Purpose: To evaluate the efficiency of standard image-guided radiation therapy (IGRT) to account for lumpectomy cavity (LC) variation during whole-breast irradiation (WBI) and propose an adaptive strategy to improve dosimetry if IGRT fails to address the interfraction LC variations.
Methods And Materials: Daily diagnostic-quality CT data acquired during IGRT in the boost stage using an in-room CT for 19 breast cancer patients treated with sequential boost after WBI in the prone position were retrospectively analyzed. Contours of the LC, treated breast, ipsilateral lung, and heart were generated by populating contours from planning CTs to boost fraction CTs using an auto-segmentation tool with manual editing. Three plans were generated on each fraction CT: (1) a repositioning plan by applying the original boost plan with the shift determined by IGRT; (2) an adaptive plan by modifying the original plan according to a fraction CT; and (3) a reoptimization plan by a full-scale optimization.

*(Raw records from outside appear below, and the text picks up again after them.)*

(* Let $K\ge1$, fix $a_2,\dots,a_{K+1}\ge0$, and for $x\ge0$ let $G(x)=P^{(1)}_{K+1}(x,a_2,\dots,a_{K+1})$. Let $\mathcal A_\theta$ be an $L$-layer MinAgg GNN with exactly $K$ message passing layers $\ell_1<\dots<\ell_K$ and with 1-dimensional aggregation. Let $D$ be the set of all $x\ge0$ such that $\mathcal A_\theta$ is not path derived on $G(x)$, and $Y=\{h^{(L)}_{v_{K+1}}(G(x)):x\in D\}$. Then $|Y|\le K$.
   Context: Attributed graphs have nonnegative edge weights and node features, a self-loop of weight $0$ at each node, and $\mathcal N(v)=\{v\}\cup\{u:\{u,v\}\in E\}$. A large constant $\beta>0$ encodes "infinite distance". For a source $s$, $\mathrm d^{(t)}(s,v)$ is the minimal weight of a walk from $s$ to $v$ with at most $t$ edges ($\beta$ if none). $P^{(t)}_k(a_1,\dots,a_k)$: path $v_0,\dots,v_k$, edge $\{v_{i-1},v_i\}$ of weight $a_i$, features $x_{v_i}=\mathrm d^{(t)}(v_0,v_i)$. MinAgg GNN: for each $\ell\in[L]$, $m$-layer ReLU MLPs ($x^{(j)}=\sigma(W_jx^{(j-1)}+b_j)$) $f^{\mathrm{agg},(\ell)}:\mathbb R^{d_{\ell-1}+1}\to\mathbb R^d$ and $f^{\mathrm{up},(\ell)}:\mathbb R^{d+d_{\ell-1}}\to\mathbb R^{d_\ell}$ with weight matrices $W^{\mathrm{agg},(\ell)}_j$, $W^{\mathrm{up},(\ell)}_j$; $d_0=d_L=1$, $d_\ell=d$ otherwise; $h^{(0)}_v=x_v$, $h^{(\ell)}_v=f^{\mathrm{up},(\ell)}\big(\min_{u\in\mathcal N(v)}f^{\mathrm{agg},(\ell)}(h^{(\ell-1)}_u\oplus x_{(u,v)})\oplus h^{(\ell-1)}_v\big)$ (coordinatewise min, $\oplus$ concatenation). A function on $\mathbb R^n_{\ge0}$ depends on a set $S$ of coordinates if some $x\ne y$ agreeing outside $S$ have different images; layer $\ell$ is message passing if $f^{\mathrm{agg},(\ell)}$ depends on its node component (first $d_{\ell-1}$ input coordinates). $\mathcal A_\theta$ has 1-dimensional aggregation if for every message passing layer $\ell_k$ the first weight matrix $W^{\mathrm{up},(\ell_k)}_1$ of $f^{\mathrm{up},(\ell_k)}$ has exactly one nonzero entry. $\mathcal A_\theta$ is path derived on $P^{(1)}_{K+1}(a_1,\dots,a_{K+1})$ if for every $k\in[K]$, $$h^{(\ell_k)}_{v_{k+1}}=f^{\mathrm{up},(\ell_k)}\Big(f^{\mathrm{agg},(\ell_k)}\big(h^{(\ell_k-1)}_{v_k}\oplus x_{(v_k,v_{k+1})}\big)\oplus h^{(\ell_k-1)}_{v_{k+1}}\Big).$$ *)

theory Defs
  imports Complex_Main
begin

text \<open>An undirected graph is given by a set of 2-element edges E; edge weights are a function
  on edges; every node additionally carries a self-loop of weight 0.\<close>

definition nbhd :: "'v set set \<Rightarrow> 'v \<Rightarrow> 'v set" where
  "nbhd E v = {v} \<union> {u. {u, v} \<in> E}"

definition ef :: "('v set \<Rightarrow> real) \<Rightarrow> 'v \<Rightarrow> 'v \<Rightarrow> real" where
  "ef w u v = (if u = v then 0 else w {u, v})"

definition walks :: "'v set set \<Rightarrow> nat \<Rightarrow> 'v \<Rightarrow> 'v \<Rightarrow> 'v list set" where
  "walks E t s v = {vs. vs \<noteq> [] \<and> hd vs = s \<and> last vs = v \<and> length vs \<le> t + 1 \<and>
      (\<forall>i. Suc i < length vs \<longrightarrow> vs ! Suc i \<in> nbhd E (vs ! i))}"

definition walk_weight :: "('v set \<Rightarrow> real) \<Rightarrow> 'v list \<Rightarrow> real" where
  "walk_weight w vs = (\<Sum>i < length vs - 1. ef w (vs ! i) (vs ! Suc i))"

text \<open>d^(t)(s,v), with beta encoding infinite distance\<close>
definition dist_t :: "real \<Rightarrow> 'v set set \<Rightarrow> ('v set \<Rightarrow> real) \<Rightarrow> nat \<Rightarrow> 'v \<Rightarrow> 'v \<Rightarrow> real" where
  "dist_t \<beta> E w t s v =
     (if walks E t s v = {} then \<beta> else Inf (walk_weight w ` walks E t s v))"

text \<open>Nodes v_0,...,v_(K+1) are the naturals 0..K+1; edge {i-1,i} has weight a i.\<close>
definition path_E :: "nat \<Rightarrow> nat set set" where
  "path_E K = {{i - 1, i} | i. i \<in> {1..K+1}}"

definition path_w :: "(nat \<Rightarrow> real) \<Rightarrow> nat set \<Rightarrow> real" where
  "path_w a e = a (Max e)"

definition path_feat :: "real \<Rightarrow> nat \<Rightarrow> (nat \<Rightarrow> real) \<Rightarrow> nat \<Rightarrow> real" where
  "path_feat \<beta> K a i = dist_t \<beta> (path_E K) (path_w a) 1 0 i"

type_synonym layer = "real list list \<times> real list"  \<comment> \<open>(W, b), W given by its rows\<close>

definition relu :: "real \<Rightarrow> real" where "relu r = max 0 r"

definition mat_vec :: "real list list \<Rightarrow> real list \<Rightarrow> real list" where
  "mat_vec W x = map (\<lambda>row. \<Sum>j < length x. row ! j * x ! j) W"

fun mlp_apply :: "layer list \<Rightarrow> real list \<Rightarrow> real list" where
  "mlp_apply [] x = x"
| "mlp_apply ((W, b) # Ls) x = mlp_apply Ls (map relu (map2 (+) (mat_vec W x) b))"

fun mlp_wf :: "nat \<Rightarrow> nat \<Rightarrow> layer list \<Rightarrow> bool" where
  "mlp_wf nin nout [] = (nin = nout)"
| "mlp_wf nin nout ((W, b) # Ls) =
     (length b = length W \<and> (\<forall>r \<in> set W. length r = nin) \<and> mlp_wf (length W) nout Ls)"

text \<open>A GNN is a list of L layers (f_agg, f_up), layer l being the (l-1)-th list entry.\<close>
type_synonym gnn = "(layer list \<times> layer list) list"

definition dim :: "nat \<Rightarrow> nat \<Rightarrow> nat \<Rightarrow> nat" where
  "dim L d l = (if l = 0 \<or> l = L then 1 else d)"

definition gnn_wf :: "nat \<Rightarrow> nat \<Rightarrow> nat \<Rightarrow> gnn \<Rightarrow> bool" where
  "gnn_wf m d L \<theta> \<longleftrightarrow> length \<theta> = L \<and>
     (\<forall>l \<in> {1..L}. length (fst (\<theta> ! (l - 1))) = m \<and> length (snd (\<theta> ! (l - 1))) = m \<and>
        mlp_wf (dim L d (l - 1) + 1) d (fst (\<theta> ! (l - 1))) \<and>
        mlp_wf (d + dim L d (l - 1)) (dim L d l) (snd (\<theta> ! (l - 1))))"

definition agg :: "gnn \<Rightarrow> nat \<Rightarrow> layer list" where "agg \<theta> l = fst (\<theta> ! (l - 1))"
definition upd :: "gnn \<Rightarrow> nat \<Rightarrow> layer list" where "upd \<theta> l = snd (\<theta> ! (l - 1))"

definition cmin :: "nat \<Rightarrow> 'v set \<Rightarrow> ('v \<Rightarrow> real list) \<Rightarrow> real list" where
  "cmin d S f = map (\<lambda>i. Min ((\<lambda>u. f u ! i) ` S)) [0..<d]"

fun hid :: "gnn \<Rightarrow> nat \<Rightarrow> 'v set set \<Rightarrow> ('v set \<Rightarrow> real) \<Rightarrow> ('v \<Rightarrow> real) \<Rightarrow> nat \<Rightarrow> 'v \<Rightarrow> real list" where
  "hid \<theta> d E w x 0 v = [x v]"
| "hid \<theta> d E w x (Suc l) v =
     mlp_apply (upd \<theta> (Suc l))
       (cmin d (nbhd E v) (\<lambda>u. mlp_apply (agg \<theta> (Suc l)) (hid \<theta> d E w x l u @ [ef w u v]))
        @ hid \<theta> d E w x l v)"

definition depends_on :: "nat \<Rightarrow> (real list \<Rightarrow> real list) \<Rightarrow> nat set \<Rightarrow> bool" where
  "depends_on n f S \<longleftrightarrow> (\<exists>x y. length x = n \<and> length y = n \<and> (\<forall>i<n. 0 \<le> x ! i \<and> 0 \<le> y ! i) \<and>
      x \<noteq> y \<and> (\<forall>i<n. i \<notin> S \<longrightarrow> x ! i = y ! i) \<and> f x \<noteq> f y)"

definition message_passing :: "nat \<Rightarrow> nat \<Rightarrow> gnn \<Rightarrow> nat \<Rightarrow> bool" where
  "message_passing d L \<theta> l \<longleftrightarrow>
     depends_on (dim L d (l - 1) + 1) (mlp_apply (agg \<theta> l)) {0..<dim L d (l - 1)}"

definition one_nonzero :: "real list list \<Rightarrow> bool" where
  "one_nonzero W \<longleftrightarrow> card {(i, j). i < length W \<and> j < length (W ! i) \<and> W ! i ! j \<noteq> 0} = 1"

definition one_dim_aggregation :: "nat \<Rightarrow> nat \<Rightarrow> gnn \<Rightarrow> bool" where
  "one_dim_aggregation d L \<theta> \<longleftrightarrow>
     (\<forall>l \<in> {1..L}. message_passing d L \<theta> l \<longrightarrow> one_nonzero (fst (hd (upd \<theta> l))))"

definition path_derived ::
  "gnn \<Rightarrow> nat \<Rightarrow> nat \<Rightarrow> (nat \<Rightarrow> nat) \<Rightarrow> nat set set \<Rightarrow> (nat set \<Rightarrow> real) \<Rightarrow> (nat \<Rightarrow> real) \<Rightarrow> bool" where
  "path_derived \<theta> d K ls E w x \<longleftrightarrow>
     (\<forall>k \<in> {1..K}. hid \<theta> d E w x (ls k) (k + 1) =
        mlp_apply (upd \<theta> (ls k))
          (mlp_apply (agg \<theta> (ls k)) (hid \<theta> d E w x (ls k - 1) k @ [ef w k (k + 1)])
           @ hid \<theta> d E w x (ls k - 1) (k + 1)))"

end

theory Submission
  imports Defs
begin

(* The weight x = a_1 enters G(x) only at v_1 (through its feature and the edge {v_0, v_1}),
   and every message passing layer carries information one edge further along the path; so
   after layer l every node beyond v_(c+1), c the number of message passing layers among the
   first l, has a state independent of x.  With 1-dimensional aggregation the update of layer
   l_k reads a single input coordinate.  If the path-derived equation fails at k, that
   coordinate is an aggregated one at which the message of v_k is not the minimum, so it is
   the minimum over the messages of v_(k+1), v_(k+2), which do not depend on x; hence
   h^(l_k)_(v_(k+1)) does not depend on x.  If k is the last failing index, the later
   layers pass this value on along the path up to v_(K+1), so the output is a function of
   the last failing index, which ranges over {1..K}. *)

lemma length_mlp_apply:
  "mlp_wf n nout Ls \<Longrightarrow> length v = n \<Longrightarrow> length (mlp_apply Ls v) = nout"
proof (induction Ls arbitrary: n v)
  case Nil
  then show ?case by simp
next
  case (Cons La Ls)
  obtain W b where "La = (W, b)" by fastforce
  with Cons.prems Cons.IH[of "length W"] show ?case by (auto simp: mat_vec_def)
qed

lemma mlp_apply_nonneg_if_nonneg:
  "\<forall>i<length v. 0 \<le> v ! i \<Longrightarrow> i < length (mlp_apply Ls v) \<Longrightarrow> 0 \<le> mlp_apply Ls v ! i"
proof (induction Ls arbitrary: v)
  case Nil
  then show ?case by simp
next
  case (Cons La Ls)
  obtain W b where "La = (W, b)" by fastforce
  with Cons show ?case by (auto simp: relu_def)
qed

lemma mlp_apply_nonneg:
  assumes "Ls \<noteq> []" and "i < length (mlp_apply Ls v)"
  shows "0 \<le> mlp_apply Ls v ! i"
proof -
  obtain W b Ls' where Ls: "Ls = (W, b) # Ls'"
    using assms(1) by (cases Ls) auto
  show ?thesis
    using assms(2) mlp_apply_nonneg_if_nonneg[of "map relu (map2 (+) (mat_vec W v) b)" i Ls']
    by (auto simp: Ls relu_def)
qed

lemma mat_vec_determined_by_coordinate:
  assumes "one_nonzero W" and rows: "\<forall>row \<in> set W. length row = n"
  shows "\<exists>c<n. \<forall>v v'. length v = n \<longrightarrow> length v' = n \<longrightarrow> v ! c = v' ! c \<longrightarrow>
           mat_vec W v = mat_vec W v'"
proof -
  let ?S = "{(i, j). i < length W \<and> j < length (W ! i) \<and> W ! i ! j \<noteq> 0}"
  have "card ?S = 1" using assms(1) by (simp add: one_nonzero_def)
  then obtain p where "?S = {p}" by (rule card_1_singletonE)
  moreover obtain r c where "p = (r, c)" by fastforce
  ultimately have S: "?S = {(r, c)}" by simp
  have row_length: "length (W ! i) = n" if "i < length W" for i
    using rows that by simp
  have "(r, c) \<in> ?S" using S by blast
  then have "c < n" using row_length by auto
  have zero: "W ! i ! j = 0" if "i < length W" "j < n" "(i, j) \<noteq> (r, c)" for i j
  proof (rule ccontr)
    assume "W ! i ! j \<noteq> 0"
    with that row_length have "(i, j) \<in> ?S" by simp
    with S that(3) show False by blast
  qed
  have "mat_vec W v = mat_vec W v'"
    if "length v = n" "length v' = n" "v ! c = v' ! c" for v v'
  proof -
    have "(\<Sum>j<n. W ! i ! j * v ! j) = (\<Sum>j<n. W ! i ! j * v' ! j)" if "i < length W" for i
      using zero[OF that] \<open>v ! c = v' ! c\<close> by (intro sum.cong) fastforce+
    with that show ?thesis by (auto simp: mat_vec_def in_set_conv_nth)
  qed
  with \<open>c < n\<close> show ?thesis by blast
qed

lemma mlp_apply_determined_by_coordinate:
  assumes "one_nonzero (fst (hd Ls))" and "mlp_wf n nout Ls" and "Ls \<noteq> []"
  shows "\<exists>c<n. \<forall>v v'. length v = n \<longrightarrow> length v' = n \<longrightarrow> v ! c = v' ! c \<longrightarrow>
           mlp_apply Ls v = mlp_apply Ls v'"
proof -
  obtain W b Ls' where Ls: "Ls = (W, b) # Ls'"
    using assms(3) by (cases Ls) auto
  have "one_nonzero W" and "\<forall>row \<in> set W. length row = n"
    using assms(1,2) by (simp_all add: Ls)
  then obtain c where "c < n" and c: "\<forall>v v'. length v = n \<longrightarrow> length v' = n \<longrightarrow>
      v ! c = v' ! c \<longrightarrow> mat_vec W v = mat_vec W v'"
    using mat_vec_determined_by_coordinate by blast
  show ?thesis
  proof (intro exI[of _ c] conjI allI impI)
    fix v v' :: "real list"
    assume "length v = n" "length v' = n" "v ! c = v' ! c"
    with c have "mat_vec W v = mat_vec W v'" by blast
    then show "mlp_apply Ls v = mlp_apply Ls v'" by (simp add: Ls)
  qed fact
qed

lemma cmin_nth_not_attained:
  assumes "c < d" and "finite R" and "R \<noteq> {}" and "cmin d (insert k R) F ! c \<noteq> F k ! c"
  shows "cmin d (insert k R) F ! c = Min ((\<lambda>u. F u ! c) ` R)"
  using assms by (auto simp: cmin_def min_def)

lemma cmin_nth_if_update_differs:
  assumes c: "\<forall>v v'. length v = n \<longrightarrow> length v' = n \<longrightarrow> v ! c = v' ! c \<longrightarrow> f v = f v'"
    and "length (F k) = d" and "d + length h = n" and "finite R" and "R \<noteq> {}"
    and "f (cmin d (insert k R) F @ h) \<noteq> f (F k @ h)"
  shows "c < d \<and> cmin d (insert k R) F ! c = Min ((\<lambda>u. F u ! c) ` R)"
proof -
  have len: "length (cmin d (insert k R) F) = d" by (simp add: cmin_def)
  with c assms(2,3,6) have ne: "(cmin d (insert k R) F @ h) ! c \<noteq> (F k @ h) ! c"
    by auto
  then have "c < d"
    using len assms(2) by (cases "c < d") (simp_all add: nth_append)
  with ne have "cmin d (insert k R) F ! c \<noteq> F k ! c"
    using len assms(2) by (simp add: nth_append)
  with \<open>c < d\<close> show ?thesis
    using cmin_nth_not_attained[OF \<open>c < d\<close> assms(4,5)] by simp
qed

Results: Significant variations were observed in LC. The change in LC volume at the first boost fraction ranged from a 70% decrease to a 50% increase of that on the planning CT. The adaptive and reoptimization plans were comparable. Compared with the repositioning plans, the adaptive plans led to an improvement in target coverage for an increased LC case (1 of 19, 7.5% increase in planning target volume evaluation volume V95%), and breast tissue sparing for an LC decrease larger than 35% (3 of 19, 7.5% decrease in breast evaluation volume V50%; P=.008).
Conclusion: Significant changes in LC shape and volume at the time of boost that deviate from the original plan for WBI with sequential boost can be addressed by adaptive replanning at the first boost fraction.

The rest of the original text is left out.